My husband bought me an ipad w/retina display 16gb for Xmas and I'm not sure it's the right "notebook" for what I would use it for. I play at lot of facebook games and pogo games as well as emails on my laptop. He bought me the Ipad cuz he is tired of lugging my laptop around the airports when we travel lol. The salesman for our local big chain electronics store told my husband the ipad was much better than the other notebooks. That all I had to do was download Iswifter to the Ipad in order to play the games I want to play. 90% of the games I play need flash which I have found out is not directly available for Ipad.

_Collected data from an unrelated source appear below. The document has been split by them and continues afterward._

text \<open>For a bounded symmetric injective operator \<open>Q\<close> and \<open>t > 0\<close>, the K-functional
  \<open>K_t(x)\<close> is attained at the Tikhonov minimiser \<open>y\<close> of \<open>\<parallel>x - Q y\<parallel>\<^sup>2 + t\<^sup>2 \<parallel>y\<parallel>\<^sup>2\<close>,
  which solves \<open>Q (x - Q y) = t\<^sup>2 y\<close>. Splitting \<open>\<langle>x, w\<rangle> = \<langle>x - Q y, w\<rangle> + \<langle>y, Q w\<rangle>\<close> and
  applying Cauchy-Schwarz twice gives \<open>|\<langle>x, w\<rangle>| \<le> K_t(x) sqrt (1 + \<parallel>Q w\<parallel>\<^sup>2 / t\<^sup>2)\<close>,
  with equality for \<open>w\<close> parallel to \<open>x - Q y\<close>. After multiplying by \<open>\<parallel>Q w\<parallel> powr -\<theta>\<close> the
  right-hand side becomes \<open>t powr -\<theta> K_t(x) h(t / \<parallel>Q w\<parallel>)\<close> with
  \<open>h(s) = s powr \<theta> sqrt (1 + 1/s\<^sup>2)\<close>, whose infimum over \<open>s > 0\<close> is \<open>N_\<theta>\<close>; taking
  suprema over \<open>t\<close> and \<open>w\<close> gives the identity.

  It remains to see that \<open>Q = (T\<^sup>*T)^\<gamma>\<close> qualifies. With \<open>c = \<parallel>T\<^sup>*T\<parallel>\<close> and
  \<open>B = I - T\<^sup>*T / c\<close> a symmetric contraction, the binomial series for \<open>c^\<gamma> (I - B)^\<gamma>\<close>
  converges absolutely, so \<open>Q\<close> is bounded and symmetric. Since
  \<open>(T\<^sup>*T)^(\<gamma>+1) = T\<^sup>*T (T\<^sup>*T)^\<gamma>\<close>, injectivity reduces to \<open>0 < \<gamma> < 1\<close>, where all
  coefficients but the first are nonpositive with nonnegative sum, so that
  \<open>\<langle>Q x, x\<rangle> \<ge> \<gamma> c^(\<gamma>-1) \<parallel>T x\<parallel>\<^sup>2\<close>. The adjoint \<open>T\<^sup>*\<close> exists by the Riesz representation
  theorem, proved by minimising the strongly convex functional \<open>\<parallel>y\<parallel>\<^sup>2 - 2 f y\<close>.\<close>

section \<open>Hilbert space preliminaries\<close>

lemma norm_midpoint_sq:
  fixes a b :: "'a::real_inner"
  shows "(norm ((1/2) *\<^sub>R (a + b)))\<^sup>2 = ((norm a)\<^sup>2 + (norm b)\<^sup>2)/2 - (norm (a - b))\<^sup>2/4"
proof -
  have "(norm ((1/2) *\<^sub>R (a + b)))\<^sup>2 = (1/4) * (inner a a + 2 * inner a b + inner b b)"
    unfolding norm_scaleR power_mult_distrib power2_norm_eq_inner
    by (simp add: inner_add_left inner_add_right inner_commute[of b a] power2_eq_square)
  moreover have "(norm (a - b))\<^sup>2 = inner a a - 2 * inner a b + inner b b"
    by (simp add: power2_norm_eq_inner inner_diff_left inner_diff_right inner_commute[of b a])
  ultimately show ?thesis by (simp add: power2_norm_eq_inner field_simps)
qed

lemma linear_coeff_zero_if_quadratic_nonneg:
  fixes a b :: real
  assumes "\<And>s. 0 \<le> a * s\<^sup>2 + b * s" shows "b = 0"
proof (rule ccontr)
  assume b: "b \<noteq> 0"
  define c where "c = 2 * (\<bar>a\<bar> + 1)"
  have c: "0 < c" "a < c" unfolding c_def by (simp_all add: abs_if)
  have "a * (- b / c)\<^sup>2 + b * (- b / c) = b\<^sup>2 * (a / c - 1) / c"
    using c by (simp add: field_simps power2_eq_square)
  also have "\<dots> < 0"
    using b c by (intro divide_neg_pos mult_pos_neg) (auto simp: field_simps)
  finally show False using assms[of "- b / c"] by simp
qed

lemma strongly_midpoint_convex_minimizing_Cauchy:
  fixes F :: "'a::real_inner \<Rightarrow> real"
  assumes k: "0 < k"
    and conv: "\<And>a b. F ((1/2) *\<^sub>R (a + b)) \<le> (F a + F b)/2 - k * (norm (a - b))\<^sup>2"
    and lower: "\<And>y. m \<le> F y" and Y: "\<And>n. F (Y n) < m + 1 / Suc n"
  shows "Cauchy Y"
proof (rule metric_CauchyI)
  fix e :: real assume e: "0 < e"
  obtain N :: nat where N: "1 / Suc N < k * e\<^sup>2"
    using reals_Archimedean[of "k * e\<^sup>2"] k e by (auto simp: inverse_eq_divide)
  have "dist (Y p) (Y q) < e" if "N \<le> p" "N \<le> q" for p q
  proof -
    have "1 / real (Suc p) \<le> 1 / Suc N" "1 / real (Suc q) \<le> 1 / Suc N"
      using that by (simp_all add: frac_le)
    moreover have "k * (norm (Y p - Y q))\<^sup>2 \<le> (F (Y p) + F (Y q))/2 - m"
      using conv[of "Y p" "Y q"] lower[of "(1/2) *\<^sub>R (Y p + Y q)"] by linarith
    moreover have avg: "w < c" if "w \<le> (u + v)/2 - m" "u < m + d1" "v < m + d2" "d1 \<le> c" "d2 \<le> c"
      for u v w d1 d2 c :: real
      using that by (simp add: field_simps)
    ultimately have "k * (norm (Y p - Y q))\<^sup>2 < k * e\<^sup>2"
      using Y[of p] Y[of q] N by (meson avg order.strict_trans)
    then have "(norm (Y p - Y q))\<^sup>2 < e\<^sup>2" using k by simp
    then show ?thesis using e by (simp add: dist_norm power2_less_imp_less)
  qed
  then show "\<exists>M. \<forall>p\<ge>M. \<forall>q\<ge>M. dist (Y p) (Y q) < e" by blast
qed
lemma Bplus_rel_move_entry_between:
  assumes yx: "y < x" and pair: "x \<in> C - D \<and> y \<in> D - C \<or> x \<in> D - C \<and> y \<in> C - D"
    and one: "card (N \<inter> {x, y}) = 1"
    and rel: "Bplus_rel m m' (move (A, B) M) (move (C, D) N)"
  shows "\<exists>z \<in> A \<union> B. y + Bplus_shift m m' \<le> z \<and> z < x + Bplus_shift m m'"
proof -
  obtain A' B' C' D' where L: "move (A, B) M = (A', B')" and L': "move (C, D) N = (C', D')"
    by fastforce
  have fin': "finite A'" "finite B'" "finite C'" "finite D'"
    using L L' fin unfolding move_def by auto
  have "counts_interlaced (Bplus_shift m m') (A', B') (C', D')"
    using Bplus_rel_move_counts_interlaced[OF rel] L L' by simp
  moreover have "y \<in> C' \<and> x \<in> C' \<or> y \<in> D' \<and> x \<in> D'"
    using move_one_of_pair_same_row[OF pair one] L' by auto
  ultimately obtain z where "z \<in> A' \<union> B'" "y + Bplus_shift m m' \<le> z" "z < x + Bplus_shift m m'"
    using counts_interlaced_entry_between[OF fin'] yx by blast
  moreover have "A' \<union> B' \<subseteq> A \<union> B" using move_rows_subset[of "(A, B)" M] L by simp
  ultimately show ?thesis by blast
qed

end
lemma block_shift_period:
  fixes ell :: "nat \<Rightarrow> nat"
  assumes l_first: "ell 1 = 0" and l_last: "ell (Suc s) = k"
    and M_dvd: "\<forall>i\<in>{1..s}. \<forall>j\<in>{ell i<..ell (Suc i)}. T j dvd M i"
  shows "\<forall>j\<in>{1..k}. \<exists>m<s. \<forall>c<2 ^ s. \<not> bit c m \<longrightarrow>
           (t + tau s M (c + 2 ^ m)) mod T j = (t + tau s M c) mod T j"
proof
  fix j assume "j \<in> {1..k}"
  then have "j \<in> {1..ell (Suc s)}" using l_last by simp
  from block_exists[where ell=ell, OF l_first this]
  obtain i where i: "i \<in> {1..s}" "j \<in> {ell i<..ell (Suc i)}" by auto
  then have dvd: "T j dvd M i" using M_dvd by blast
  have "\<forall>c<2 ^ s. \<not> bit c (i - 1) \<longrightarrow>
      (t + tau s M (c + 2 ^ (i - 1))) mod T j = (t + tau s M c) mod T j"
    using shift_period[where M=M, OF i(1) _ _ dvd] by simp
  moreover have "i - 1 < s" using i(1) by auto
  ultimately show "\<exists>m<s. \<forall>c<2 ^ s. \<not> bit c m \<longrightarrow>
      (t + tau s M (c + 2 ^ m)) mod T j = (t + tau s M c) mod T j" by blast
qed

section \<open>The bias of the parity-check sequence\<close>

lemma bias_PC_avg_prod:
  "bias_PC n s M T f t = avg (seq_vars n T)
     (\<lambda>X. \<Prod>c<2 ^ s. sg (f (\<lambda>j. if j \<in> {1..n} then X (j, (t + tau s M c) mod T j) else False)))"
  unfolding bias_PC_def bias_on_avg PC_def seqv_def by (rule avg_cong, rule sg_odd_card) simp

text \<open>Assumption (G)(i) at work, for an arbitrary reading position p c j of x_j at shift c:
  if for every tail variable j > k the shifts read pairwise distinct bits of x_j, then
  averaging over the tail bits turns the product of signs into a product of head biases.\<close>
lemma avg_tail_bits:
  fixes p :: "nat \<Rightarrow> nat \<Rightarrow> nat" and C :: "nat set"
  assumes "finite C" and "k \<le> n"
    and in_range: "\<forall>j\<in>{k<..n}. \<forall>c\<in>C. p c j < T j"
    and distinct: "\<forall>j\<in>{k<..n}. inj_on (\<lambda>c. p c j) C"
    and X1: "X1 \<in> bvecs {v \<in> seq_vars n T. fst v \<le> k}"
  shows "avg {v \<in> seq_vars n T. k < fst v}
           (\<lambda>X2. \<Prod>c\<in>C. sg (f (\<lambda>j. if j \<in> {1..n} then X1 (j, p c j) \<or> X2 (j, p c j) else False)))
       = (\<Prod>c\<in>C. head_bias n k f (\<lambda>j. j \<in> {1..k} \<and> X1 (j, p c j)))"
proof -
  define S2 where "S2 = {v \<in> seq_vars n T. k < fst v}"
  define J0 where "J0 = {k<..n}"
  define head where "head c = (\<lambda>j. j \<in> {1..k} \<and> X1 (j, p c j))" for c
  define read where "read c j = (j, p c j)" for c j
  have "seq_vars n T = (SIGMA j:{1..n}. {..<T j})" by (auto simp: seq_vars_def)
  then have fS2: "finite S2" unfolding S2_def by simp
  have input: "(\<lambda>j. if j \<in> {1..n} then X1 (j, p c j) \<or> X2 (j, p c j) else False)
      = (\<lambda>j. head c j \<or> (j \<in> J0 \<and> X2 (read c j)))" if X2: "X2 \<in> bvecs S2" for X2 c
  proof
    fix j
    have "X1 (j, u) \<Longrightarrow> j \<in> {1..k}" "X2 (j, u) \<Longrightarrow> j \<in> J0" for u
      using X1 X2 unfolding bvecs_def S2_def seq_vars_def J0_def by auto
    then show "(if j \<in> {1..n} then X1 (j, p c j) \<or> X2 (j, p c j) else False)
        = (head c j \<or> (j \<in> J0 \<and> X2 (read c j)))"
      using assms(2) unfolding head_def read_def J0_def by auto
  qed
  have "avg S2 (\<lambda>X2. \<Prod>c\<in>C. sg (f (\<lambda>j. if j \<in> {1..n} then X1 (j, p c j) \<or> X2 (j, p c j) else False)))
      = avg S2 (\<lambda>X2. \<Prod>c\<in>C. sg (f (\<lambda>j. head c j \<or> (j \<in> J0 \<and> X2 (read c j)))))"
    by (intro avg_cong) (simp only: input)
  also have "\<dots> = (\<Prod>c\<in>C. avg (read c ` J0) (\<lambda>X2. sg (f (\<lambda>j. head c j \<or> (j \<in> J0 \<and> X2 (read c j))))))"
  proof (rule avg_prod[OF assms(1) fS2])
    show "\<forall>c\<in>C. read c ` J0 \<subseteq> S2"
      using in_range unfolding read_def J0_def S2_def seq_vars_def by auto
    show "\<forall>c\<in>C. \<forall>c'\<in>C. c \<noteq> c' \<longrightarrow> read c ` J0 \<inter> read c' ` J0 = {}"
      using distinct unfolding read_def J0_def by (auto dest: inj_onD)
    show "\<forall>c\<in>C. \<forall>X Y. (\<forall>v\<in>read c ` J0. X v = Y v) \<longrightarrow>
        sg (f (\<lambda>j. head c j \<or> (j \<in> J0 \<and> X (read c j))))
        = sg (f (\<lambda>j. head c j \<or> (j \<in> J0 \<and> Y (read c j))))"
    proof (intro ballI allI impI)
      fix c and X Y :: "nat \<times> nat \<Rightarrow> bool" assume "\<forall>v\<in>read c ` J0. X v = Y v"
      then have "(\<lambda>j. head c j \<or> (j \<in> J0 \<and> X (read c j)))
          = (\<lambda>j. head c j \<or> (j \<in> J0 \<and> Y (read c j)))" by auto
      then show "sg (f (\<lambda>j. head c j \<or> (j \<in> J0 \<and> X (read c j))))
          = sg (f (\<lambda>j. head c j \<or> (j \<in> J0 \<and> Y (read c j))))" by simp
    qed
  qed
  also have "\<dots> = (\<Prod>c\<in>C. head_bias n k f (head c))"
  proof (rule prod.cong[OF refl])
    fix c
    have "inj_on (read c) J0" unfolding read_def by (auto simp: inj_on_def)
    from avg_reindex[OF this, of "\<lambda>w. sg (f (\<lambda>j. head c j \<or> w j))"]
    show "avg (read c ` J0) (\<lambda>X2. sg (f (\<lambda>j. head c j \<or> (j \<in> J0 \<and> X2 (read c j)))))
        = head_bias n k f (head c)"
      unfolding head_bias_def J0_def by simp
  qed
  finally show ?thesis unfolding S2_def head_def .
qed

text \<open>Divisibility at work: if every head variable j has a bit m whose setting does not
  move the position read from x_j, the product of the characters (-1)^(a.y_c) is 1.\<close>
lemma characters_cancel:
  fixes p :: "nat \<Rightarrow> nat \<Rightarrow> nat"
  assumes "k \<le> n" "a \<in> bvecs {1..k}"
    and period: "\<forall>j\<in>{1..k}. \<exists>m<s. \<forall>c<2 ^ s. \<not> bit c m \<longrightarrow> p (c + 2 ^ m) j = p c j"
  shows "(\<Prod>c<2 ^ s. sg (lin n a (\<lambda>j. j \<in> {1..k} \<and> X (j, p c j)))) = 1"
proof -
  have "(\<Prod>c<2 ^ s. sg (lin n a (\<lambda>j. j \<in> {1..k} \<and> X (j, p c j))))
      = (\<Prod>c<2 ^ s. \<Prod>j\<in>{1..k}. sg (a j \<and> X (j, p c j)))"
    by (intro prod.cong refl) (simp add: sg_lin_prod[OF assms(1,2)])
  also have "\<dots> = (\<Prod>j\<in>{1..k}. \<Prod>c<2 ^ s. sg (a j \<and> X (j, p c j)))"
    by (rule prod.swap)
  also have "\<dots> = 1"
  proof (rule prod.neutral, rule ballI)
    fix j assume "j \<in> {1..k}"
    then obtain m where "m < s" "\<forall>c<2 ^ s. \<not> bit c m \<longrightarrow> p (c + 2 ^ m) j = p c j"
      using period by blast
    then show "(\<Prod>c<2 ^ s. sg (a j \<and> X (j, p c j))) = 1"
      by (intro prod_pairs_cancel) auto
  qed
  finally show ?thesis .
qed

lemma bias_PC_single_coefficient:
  fixes ell :: "nat \<Rightarrow> nat"
  assumes T_pos: "\<forall>j\<in>{1..n}. T j > 0"
    and l_first: "ell 1 = 0" and l_last: "ell (Suc s) = k" and k_le: "k \<le> n"
    and M_dvd: "\<forall>i\<in>{1..s}. \<forall>j\<in>{ell i<..ell (Suc i)}. T j dvd M i"
    and G1: "\<forall>j. k < j \<and> j \<le> n \<longrightarrow> inj_on (\<lambda>c. tau s M c mod T j) {..<2 ^ s}"
    and a: "a \<in> bvecs {1..k}"
    and vanish: "\<forall>b\<in>bvecs {1..k}. b \<noteq> a \<longrightarrow> bias_lin n f b = 0"
  shows "bias_PC n s M T f t = bias_lin n f a ^ (2 ^ s)"
proof -
  define p where "p c j = (t + tau s M c) mod T j" for c j
  define F where "F = bias_lin n f a"
  define S1 where "S1 = {v \<in> seq_vars n T. fst v \<le> k}"
  define S2 where "S2 = {v \<in> seq_vars n T. k < fst v}"
  have "seq_vars n T = (SIGMA j:{1..n}. {..<T j})" by (auto simp: seq_vars_def)
  then have fin: "finite S1" "finite S2" unfolding S1_def S2_def by simp_all
  have split: "seq_vars n T = S1 \<union> S2" "S1 \<inter> S2 = {}" unfolding S1_def S2_def by auto
  have distinct: "\<forall>j\<in>{k<..n}. inj_on (\<lambda>c. p c j) {..<2 ^ s}"
    using G1 unfolding p_def by (auto intro: inj_on_shifted_mod)
  have period: "\<forall>j\<in>{1..k}. \<exists>m<s. \<forall>c<2 ^ s. \<not> bit c m \<longrightarrow> p (c + 2 ^ m) j = p c j"
    unfolding p_def by (rule block_shift_period[where ell=ell, OF l_first l_last M_dvd])
  have "bias_PC n s M T f t = avg S1 (\<lambda>X1. avg S2 (\<lambda>X2. \<Prod>c<2 ^ s.
        sg (f (\<lambda>j. if j \<in> {1..n} then X1 (j, p c j) \<or> X2 (j, p c j) else False))))"
    unfolding bias_PC_avg_prod split(1) p_def by (rule avg_Un[OF fin split(2)])
  also have "\<dots> = avg S1 (\<lambda>X1. F ^ (2 ^ s))"
  proof (rule avg_cong)
    fix X1 assume X1: "X1 \<in> bvecs S1"
    let ?head = "\<lambda>c j. j \<in> {1..k} \<and> X1 (j, p c j)"
    have "?head c \<in> bvecs {1..k}" for c by (auto simp: bvecs_def)
    then have "(\<Prod>c<2 ^ s. head_bias n k f (?head c)) = (\<Prod>c<2 ^ s. F * sg (lin n a (?head c)))"
      unfolding F_def by (simp add: head_bias_single_coefficient[OF k_le a vanish])
    also have "\<dots> = F ^ (2 ^ s)"
      unfolding prod.distrib characters_cancel[OF k_le a period] by simp
    finally show "avg S2 (\<lambda>X2. \<Prod>c<2 ^ s.
        sg (f (\<lambda>j. if j \<in> {1..n} then X1 (j, p c j) \<or> X2 (j, p c j) else False))) = F ^ (2 ^ s)"
      using avg_tail_bits[OF _ k_le _ distinct X1[unfolded S1_def]] T_pos
      unfolding S2_def p_def by simp
  qed
  finally show ?thesis using fin(1) by (simp add: avg_const F_def)
qed

text \<open>For a (k-1)-resilient f, every b in V_k other than 1_k has weight below k,
  so 1_k is the only candidate for a nonzero bias in V_k.\<close>
lemma resilient_vanish:
  assumes res: "resilient n (k - 1) f" and "k \<le> n"
    and b: "b \<in> bvecs {1..k}" and ne: "b \<noteq> (\<lambda>j. 1 \<le> j \<and> j \<le> k)"
  shows "bias_lin n f b = 0"
proof -
  obtain j where "b j \<noteq> (1 \<le> j \<and> j \<le> k)" using ne by auto
  then have j: "j \<in> {1..k}" "\<not> b j" using b by (auto simp: bvecs_def)
  have "{i\<in>{1..n}. b i} \<subseteq> {1..k}" using b by (auto simp: bvecs_def)
  then have "{i\<in>{1..n}. b i} \<subset> {1..k}" using j by blast
  then have "hweight n b < k" unfolding hweight_def by (metis card_atLeastAtMost diff_Suc_1
      finite_atLeastAtMost psubset_card_mono)
  moreover have "b \<in> bvecs {1..n}" using b assms(2) by (auto simp: bvecs_def)
  ultimately show ?thesis using res unfolding resilient_def by auto
qed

So... my question is should I keep the new Ipad or exchange it for a notebook that is compatible with flash and if I do keep the Ipad and download the Iswifter app, am I going to have the same gameplay as if I were using a notebook that was compatible with flash???

hope that makes sense 

Thanks for all the advice!!


----------



## Amai (Jan 6, 2013)

Hi! if it's about flash then no need to exchange it.
because as much as I know, There's no tablets or mobile phones you can purchase nowadays have flash,
Because Adobe stop the development of mobile version of the flash, that's applied on all new devices with no exceptions.
btw, iPad is a tablet not a Notebook (All of them are sub genres of laptop computers in the end)


----------



## CoolAuntieG (Jun 1, 2007)

Thank you for your response. First off when I referenced notebook in my original post I meant to say tablet - my goof. In regards to tablets, I know you can find them that are flash "compatible". I'm just trying to determine if I would be better off with the Ipad and downloading Iswifter to access the games that way or by using a tablet that is flash compatible,


----------



## Amai (Jan 6, 2013)

I didn't know that there's a "compatible" device in this thing! but oh well I found this list of "Certified" devices: here
if you ask me, I would just say stay on your iPad, because another device run flash, the battery life will get lower in no time and you will need to recharge it frequently. (that's why they stop flash in first place) - while you can run 90% of flash sites and games on iPad with no battery problems.
I'm not advanced in devices things, but I know I need to recharge my Galaxy -with flash installed- every 24 hours if want to play games.
Is just about what you prefer.
I hope that I help in something


----------



## Barpanda (Jan 3, 2013)

Personally, I find that the iSwiter app works well. As far as equivalency between in-app game play and game play on a flash compatible tablet - IMO, yes, you'll have a near identical experience. If I were you I wouldn't get another tablet just because of native flash incompatibility.


----------



## Phalcon352 (Sep 8, 2008)

If you use Firefox browser on your tablet to log onto Facebook instead of using the Facebook app, Flash will work for all your Facebook games. Works fine for watching flash based videos too.


----------